“No. I can help you to sleep very gently. I can make you very drowsy.... You are drowsy now.... You are very close to the edge of sleep.... Sleep, dear.... Sleep, easily, naturally, confidently as a tired boy.... You are sleeping, ... deeply ... sweetly ... my dear ... my dear, dear husband.”
CHAPTER XI
YULUN THE BELOVED
Cleves opened his eyes. He was lying on his left side. In the pink glow of the night-lamp he saw his wife in her night-dress, seated sideways on the farther edge of the bed, talking to a young girl.
The strange girl wore what appeared to be a chamber-robe of frail gold tissue that clung to her body and glittered as she moved. He had never before seen such a dress; but he had seen the girl; he recognised her instantly as the girl he had seen turn to look back at Tressa as she crossed the phantom bridge over that misty Florida river. And Cleves comprehended that he was looking at Yulun.
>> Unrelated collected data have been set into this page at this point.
lemma greedy_succeeds_shift:
  assumes n: "6 \<le> n" and m: "quilt n \<le> m" "m < quilt (Suc n)"
  shows "greedy_succeeds m \<longleftrightarrow> greedy_succeeds (m - quilt n)"
proof -
  have "m \<noteq> 0"
    using m quilt_ge[of n] n by simp
  have dec: "greedy_dec m ks \<longleftrightarrow> (\<exists>ks'. ks = n # ks' \<and> greedy_dec (m - quilt n) ks')" for ks
  proof (cases ks)
    case Nil
    then show ?thesis
      using \<open>m \<noteq> 0\<close> by (simp add: greedy_dec_Nil_iff)
  next
    case (Cons k ks')
    then show ?thesis
      using m n quilt_bracket_unique[of k m n] by (auto simp: greedy_dec_Cons_iff)
  qed
  have far: "\<forall>i\<in>set ks. i + 5 \<le> n" if "greedy_dec (m - quilt n) ks" for ks
  proof
    fix i assume "i \<in> set ks"
    then have "quilt i < quilt (n - 4)"
      using greedy_dec_set[OF that] m quilt_gap[OF n] by fastforce
    then show "i + 5 \<le> n"
      by (simp add: quilt_less_iff)
  qed
  have "greedy_succeeds m \<longleftrightarrow> (\<exists>ks. greedy_dec (m - quilt n) ks \<and> FQ_legal_list (n # ks))"
    unfolding greedy_succeeds_def dec by blast
  also have "\<dots> \<longleftrightarrow> greedy_succeeds (m - quilt n)"
    unfolding greedy_succeeds_def using far FQ_legal_list_Cons_far n by auto
  finally show ?thesis .
qed

definition greedy_count :: "nat \<Rightarrow> nat" where
  "greedy_count n = card {m. m < quilt n \<and> greedy_succeeds m}"

lemma greedy_succeeds_le_5: "m \<le> 5 \<Longrightarrow> greedy_succeeds m"
proof (cases "m = 0")
  case True
  then show ?thesis
    unfolding greedy_succeeds_def FQ_legal_list_def
    by (auto intro: greedy_zero simp: FQ_legal_set_def)
next
  case False
  assume "m \<le> 5"
  then have "m < quilt (Suc m)"
    using quilt_6 by (cases "m = 5") (auto simp: quilt_small)
  with \<open>m \<le> 5\<close> False have "greedy_dec m [m]"
    by (simp add: greedy_dec_Cons_iff greedy_dec_Nil_iff quilt_small)
  moreover have "FQ_legal_list [m]"
    using False by (simp add: FQ_legal_list_def FQ_legal_set_def)
  ultimately show ?thesis
    unfolding greedy_succeeds_def by blast
qed

lemma not_greedy_succeeds_6: "\<not> greedy_succeeds 6"
proof
  have "greedy_dec 6 [5, 1]"
    using quilt_6 by (simp add: greedy_dec_Cons_iff greedy_dec_Nil_iff quilt_small)
  moreover assume "greedy_succeeds 6"
  ultimately have "FQ_legal_list [5, 1]"
    unfolding greedy_succeeds_def using greedy_dec_unique by blast
  then show False
    by (simp add: FQ_legal_list_def FQ_legal_set_def)
qed

lemma greedy_count_small: "n \<le> 6 \<Longrightarrow> greedy_count n = n"
proof -
  assume "n \<le> 6"
  moreover have "m < 7 \<longleftrightarrow> m \<le> 5 \<or> m = 6" for m :: nat
    by arith
  ultimately have "{m. m < quilt n \<and> greedy_succeeds m} = {..<n}"
    using greedy_succeeds_le_5 not_greedy_succeeds_6 quilt_6
    by (cases "n = 6") (auto simp: quilt_small)
  then show ?thesis
    by (simp add: greedy_count_def)
qed

lemma greedy_count_rec:
  assumes n: "6 \<le> n"
  shows "greedy_count (Suc n) = greedy_count n + greedy_count (n - 4)"
proof -
  let ?A = "{m. m < quilt n \<and> greedy_succeeds m}"
  let ?B = "{m. m < quilt (n - 4) \<and> greedy_succeeds m}"
  have "{m. m < quilt (Suc n) \<and> greedy_succeeds m} = ?A \<union> (\<lambda>m. m + quilt n) ` ?B"
  proof (intro equalityI subsetI)
    fix m assume m: "m \<in> {m. m < quilt (Suc n) \<and> greedy_succeeds m}"
    show "m \<in> ?A \<union> (\<lambda>m. m + quilt n) ` ?B"
    proof (cases "m < quilt n")
      case True
      with m show ?thesis
        by simp
    next
      case False
      then have "m - quilt n \<in> ?B"
        using m greedy_succeeds_shift[OF n] quilt_gap[OF n] by auto
      moreover have "m = (m - quilt n) + quilt n"
        using False by simp
      ultimately show ?thesis
        by blast
    qed
  next
    fix m assume "m \<in> ?A \<union> (\<lambda>m. m + quilt n) ` ?B"
    then show "m \<in> {m. m < quilt (Suc n) \<and> greedy_succeeds m}"
      using greedy_succeeds_shift[OF n] quilt_gap[OF n] strict_monoD[OF strict_mono_quilt, of n "Suc n"]
      by auto
  qed
  moreover have "?A \<inter> (\<lambda>m. m + quilt n) ` ?B = {}"
    by auto
  moreover have "card ((\<lambda>m. m + quilt n) ` ?B) = card ?B"
    by (rule card_image) (simp add: inj_on_def)
  ultimately show ?thesis
    unfolding greedy_count_def by (simp add: card_Un_disjoint)
qed
(* The set $\{A(\mathbf j,r)\mid A\in\Xi^\pm(\infty),\ \mathbf j\in\mathbb N^\infty,\ \sigma(\mathbf j)+\sigma(A)\le r\}$ is a $\mathbb Q(v)$-basis of $\mathbf V(\infty,r)$.
   Context: $v$ indeterminate, $\mathcal Z=\mathbb Z[v,v^{-1}]$. Matrices are $\mathbb Z\times\mathbb Z$ of finite support; $\Xi(\infty,r)$: nonnegative integer matrices with entry sum $r$; $\Xi^\pm(\infty)$: nonnegative integer matrices with zero diagonal; $\sigma(A)$ the entry sum; $ro(A)$, $co(A)$ the row/column sum sequences. $\mathbb Z^\infty$, $\mathbb N^\infty$: finitely supported integer / nonnegative integer sequences indexed by $\mathbb Z$; $\sigma(\mathbf j)=\sum_ij_i$. $\mathcal K(\infty,r)$: for a finite field with $q$ elements and an $r$-dimensional space $V$, a $\mathbb Z$-step flag is $(V_i)_{i\in\mathbb Z}$, $V_i\subseteq V_{i+1}$, $V_i=0$ for $i\ll0$, $\bigcup V_i=V$; $GL(V)$-orbits $\mathcal O_A$ on pairs of flags correspond to $A\in\Xi(\infty,r)$ via $a_{ij}=\dim(V_{i-1}+V_i\cap V'_j)-\dim(V_{i-1}+V_i\cap V'_{j-1})$; for $(f_1,f_2)\in\mathcal O_C$ the number of $f$ with $(f_1,f)\in\mathcal O_A$, $(f,f_2)\in\mathcal O_B$ is $g_{A,B,C}|_{v^2=q}$ for some $g_{A,B,C}\in\mathbb Z[v^2]$. $\mathcal K(\infty,r)$ is the free $\mathcal Z$-module on $\{e_A\}_{A\in\Xi(\infty,r)}$ with $e_Ae_B=\sum_Cg_{A,B,C}e_C$; $[A]=v^{-d_A}e_A$, $d_A=\sum_{i\ge k,j<l}a_{ij}a_{kl}$. $\widehat{\boldsymbol{\mathcal K}}(\infty,r)$ is the $\mathbb Q(v)$-algebra of formal sums $\sum_A\beta_A[A]$ such that for each $\lambda$ only finitely many $A$ with $\beta_A\ne0$ have $ro(A)=\lambda$ and only finitely many have $co(A)=\lambda$, with product extended bilinearly. For $A\in\Xi^\pm(\infty)$ and $\mathbf j\in\mathbb Z^\infty$, $A(\mathbf j,r)=\sum_{\lambda\in\mathbb N^\infty,\sigma(A)+\sigma(\lambda)=r}v^{\sum_i\lambda_ij_i}[A+\operatorname{diag}(\lambda)]$. $\mathbf V(\infty,r)$ is the $\mathbb Q(v)$-span of all $A(\mathbf j,r)$ with $A\in\Xi^\pm(\infty)$, $\mathbf j\in\mathbb Z^\infty$. *)

theory Defs
  imports Main "HOL-Library.Function_Algebras" "HOL-Computational_Algebra.Polynomial"
    "HOL-Computational_Algebra.Fraction_Field"
begin

type_synonym Qv = "rat poly fract"

definition vv :: Qv where "vv = Fract [:0, 1:] 1"

type_synonym zmat = "int \<Rightarrow> int \<Rightarrow> nat"

definition fin_supp_seq :: "(int \<Rightarrow> 'a::zero) \<Rightarrow> bool" where
  "fin_supp_seq f \<longleftrightarrow> finite {i. f i \<noteq> 0}"

definition fin_supp_mat :: "zmat \<Rightarrow> bool" where
  "fin_supp_mat A \<longleftrightarrow> finite {(i, k). A i k \<noteq> 0}"

definition sigma_seq :: "(int \<Rightarrow> 'a::comm_monoid_add) \<Rightarrow> 'a" where
  "sigma_seq f = (\<Sum>i\<in>{i. f i \<noteq> 0}. f i)"

definition sigma_mat :: "zmat \<Rightarrow> nat" where
  "sigma_mat A = (\<Sum>(i, k)\<in>{(i, k). A i k \<noteq> 0}. A i k)"

definition Xi_pm :: "zmat set" where
  "Xi_pm = {A. fin_supp_mat A \<and> (\<forall>i. A i i = 0)}"

definition N_inf :: "(int \<Rightarrow> nat) set" where
  "N_inf = {l. fin_supp_seq l}"

definition Z_inf :: "(int \<Rightarrow> int) set" where
  "Z_inf = {j. fin_supp_seq j}"

definition diagm :: "(int \<Rightarrow> nat) \<Rightarrow> zmat" where
  "diagm l = (\<lambda>i k. if i = k then l i else 0)"

text \<open>Formal sums sum_A beta_A [A] in the completion K^(infinity,r) are represented by
  their coefficient functions A |-> beta_A (relative to the basis {[A]}).
  The vector space structure is pointwise.\<close>
type_synonym formal_sum = "zmat \<Rightarrow> Qv"

definition fscale :: "Qv \<Rightarrow> formal_sum \<Rightarrow> formal_sum" where
  "fscale c f = (\<lambda>M. c * f M)"

text \<open>A(j,r) = sum over lambda in N^infinity with sigma(A)+sigma(lambda)=r of
  v^(sum_i lambda_i j_i) [A + diag(lambda)]; its coefficient at [M] is the sum
  of the coefficients of all terms with A + diag(lambda) = M.\<close>
definition Ajr :: "zmat \<Rightarrow> (int \<Rightarrow> int) \<Rightarrow> nat \<Rightarrow> formal_sum" where
  "Ajr A j r = (\<lambda>M. \<Sum>l\<in>{l. l \<in> N_inf \<and> sigma_mat A + sigma_seq l = r
        \<and> M = (\<lambda>i k. A i k + diagm l i k)}.
      vv powi (\<Sum>i\<in>{i. l i \<noteq> 0}. int (l i) * j i))"

definition Vr :: "nat \<Rightarrow> formal_sum set" where
  "Vr r = module.span fscale {Ajr A j r | A j. A \<in> Xi_pm \<and> j \<in> Z_inf}"

end

theory Submission
  imports Defs
begin

text \<open>Fix \<open>A\<close> and put \<open>t = r - \<sigma>(A)\<close>. Then \<open>A(j,r)\<close> is the diagonal series whose coefficient
  at \<open>[A + diag \<lambda>]\<close>, for \<open>\<sigma>(\<lambda>) = t\<close>, is \<open>\<Prod>\<^sub>i (v^j\<^sub>i)^\<lambda>\<^sub>i\<close>; so everything is about functions of
  \<open>\<lambda>\<close> on that level set, where all \<open>\<lambda>\<^sub>i \<le> t\<close>. Newton interpolation at the nodes \<open>1, v, v^2, \<dots>\<close>
  writes \<open>(v^j\<^sub>i)^\<lambda>\<^sub>i\<close> as a combination of \<open>P\<^sub>b(v^\<lambda>\<^sub>i)\<close>, \<open>b \<le> t\<close>, where
  \<open>P\<^sub>b(X) = (X - 1)(X - v)\<cdots>(X - v^(b-1))\<close>. The product \<open>\<Prod>\<^sub>i P\<^sub>\<mu>\<^sub>i(v^\<lambda>\<^sub>i)\<close> vanishes unless
  \<open>\<mu> \<le> \<lambda>\<close>, hence on the whole level set when \<open>\<sigma>(\<mu>) > t\<close>, and expanding it back only produces
  the monomials of exponents \<open>0 \<le> j' \<le> \<mu>\<close>. So the \<open>A(j',r)\<close> with \<open>j' \<ge> 0\<close> and
  \<open>\<sigma>(j') + \<sigma>(A) \<le> r\<close> span.

  The same vanishing makes the Newton series \<open>\<Sum>\<^sub>\<lambda> \<Prod>\<^sub>i P\<^sub>\<mu>\<^sub>i(v^\<lambda>\<^sub>i) [A + diag \<lambda>]\<close> triangular,
  hence independent. On a finite index set closed under decreasing \<open>j\<close> they lie in the span of
  equally many \<open>A(j,r)\<close>, which are therefore independent as well.\<close>

definition scale_fun :: "'b::field \<Rightarrow> ('a \<Rightarrow> 'b) \<Rightarrow> 'a \<Rightarrow> 'b" where
  "scale_fun c f = (\<lambda>x. c * f x)"

lemma scale_fun_apply [simp]: "scale_fun c f x = c * f x"
  by (simp add: scale_fun_def)

interpretation fun_vs: vector_space "scale_fun :: 'b::field \<Rightarrow> ('a \<Rightarrow> 'b) \<Rightarrow> 'a \<Rightarrow> 'b"
  by unfold_locales (auto simp: fun_eq_iff algebra_simps)

lemma fscale_eq_scale_fun: "fscale = scale_fun"
  by (simp add: fscale_def scale_fun_def fun_eq_iff)

lemma sum_fun_apply: "(\<Sum>a\<in>A. f a) x = (\<Sum>a\<in>A. f a x)"
  by (induct A rule: infinite_finite_induct) auto

lemma module_hom_scale_funI:
  fixes f :: "('a \<Rightarrow> 'k::field) \<Rightarrow> 'b \<Rightarrow> 'k"
  assumes "\<And>F G. f (F + G) = f F + f G" and "\<And>c F. f (scale_fun c F) = scale_fun c (f F)"
  shows "module_hom scale_fun scale_fun f"
  using assms by (simp add: module_hom_iff fun_vs.module_axioms)

lemma module_hom_mult_right: "module_hom scale_fun scale_fun (\<lambda>F. F * (w :: 'a \<Rightarrow> 'k::field))"
  by (rule module_hom_scale_funI) (simp_all add: fun_eq_iff algebra_simps)
lemma card_orbit_period_perm_pos: "j < n \<Longrightarrow> 0 < card (orbit period_perm j)"
  using finite_subset[OF orbit_period_perm_subset] orbit_nonempty by (simp add: card_gt_0_iff)

lemma robots_in_ring_eq_orbit:
  assumes rt: "ring_trace n c r f g i s tok" and "i < n"
  shows "robots_in_ring n c f g (ring_points c f g s tok) = orbit period_perm (transport s \<lceil>s\<rceil> i)"
proof -
  define j where "j = transport s \<lceil>s\<rceil> i"
  have "j < n"
    using permutes_in_image[OF transport_permutes] \<open>i < n\<close> by (simp add: j_def)
  have tok_int: "tok (of_int \<lceil>s\<rceil> + of_nat N) = (period_perm ^^ N) j" for N
  proof -
    have "tok (of_int \<lceil>s\<rceil> + of_nat N) = transport s (of_int \<lceil>s\<rceil> + of_nat N) i"
      by (rule ring_trace_eq_transport[OF rt]) linarith
    also have "\<dots> = transport (of_int \<lceil>s\<rceil>) (of_int \<lceil>s\<rceil> + of_nat N) j"
      unfolding j_def by (subst transport_trans[of _ "of_int \<lceil>s\<rceil>"]) auto
    finally show ?thesis by (simp add: transport_int_add_nat)
  qed
  have "m \<in> robots_in_ring n c f g (ring_points c f g s tok) \<longleftrightarrow> (\<exists>N. m = (period_perm ^^ N) j)" for m
  proof
    assume "m \<in> robots_in_ring n c f g (ring_points c f g s tok)"
    then obtain t where t: "m < n" "s \<le> t" "m = tok t" "pos c f g m 0 = pos c f g m t"
      unfolding robots_in_ring_def ring_points_def by auto
    then have "t \<in> \<int>" using pos_eq_start_iff by metis
    then obtain w where "t = of_int w" by (auto elim: Ints_cases)
    with t(2) have "t = of_int \<lceil>s\<rceil> + of_nat (nat (w - \<lceil>s\<rceil>))" by (simp add: ceiling_le_iff)
    with t(3) tok_int show "\<exists>N. m = (period_perm ^^ N) j" by metis
  next
    assume "\<exists>N. m = (period_perm ^^ N) j"
    then obtain N where m: "m = (period_perm ^^ N) j" by blast
    define t where "t = of_int \<lceil>s\<rceil> + (of_nat N :: real)"
    have "m < n" using permutes_in_funpow_image[OF period_perm_permutes] \<open>j < n\<close> m by simp
    moreover have "s \<le> t" unfolding t_def by linarith
    moreover have "tok t = m" using tok_int m by (simp add: t_def)
    moreover have "pos c f g m t = pos c f g m 0"
      using pos_eq_start_iff[OF \<open>m < n\<close>] by (simp add: t_def)
    ultimately show "m \<in> robots_in_ring n c f g (ring_points c f g s tok)"
      unfolding robots_in_ring_def ring_points_def by force
  qed
  then show ?thesis
    by (auto simp: orbit_altdef_permutation[OF permutation_period_perm] j_def)
qed

lemma robots_in_rings: "robots_in_ring n c f g ` rings n c r f g = orbit period_perm ` {..<n}"
proof (intro equalityI subsetI)
  fix X assume "X \<in> robots_in_ring n c f g ` rings n c r f g"
  then obtain i s tok where "i < n" "ring_trace n c r f g i s tok"
    and X: "X = robots_in_ring n c f g (ring_points c f g s tok)"
    unfolding rings_def by blast
  moreover have "transport s \<lceil>s\<rceil> i < n"
    using permutes_in_image[OF transport_permutes] \<open>i < n\<close> by simp
  ultimately show "X \<in> orbit period_perm ` {..<n}"
    using robots_in_ring_eq_orbit by blast
next
  fix X assume "X \<in> orbit period_perm ` {..<n}"
  then obtain j where "j < n" and X: "X = orbit period_perm j" by blast
  then have "ring_points c f g 0 (\<lambda>t. transport 0 t j) \<in> rings n c r f g"
    unfolding rings_def using ring_trace_transport by blast
  moreover have "robots_in_ring n c f g (ring_points c f g 0 (\<lambda>t. transport 0 t j)) = X"
    using robots_in_ring_eq_orbit[OF ring_trace_transport \<open>j < n\<close>] X by simp
  ultimately show "X \<in> robots_in_ring n c f g ` rings n c r f g" by blast
qed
But this charming young thing was no ghost, no astral projection. This girl was warm, living, breathing flesh. The delicate scent of her strange garments and of her hair, her very breath, was in the air of the room. Her half-hushed but laughing voice was deliciously human; her delicate little hands, caressing Tressa’s, were too eagerly real to doubt.
Both talked at the same time, their animated voices mingling in the breathless delight of the reunion. Their exclamations, enchanting laughter, bubbling chatter, filled his ears. But not one word of what they were saying to each other could he understand.
Suddenly Tressa looked over her shoulder and met his astonished eyes.
“Tokhta!” she exclaimed. “Yulun! My lord is awake!”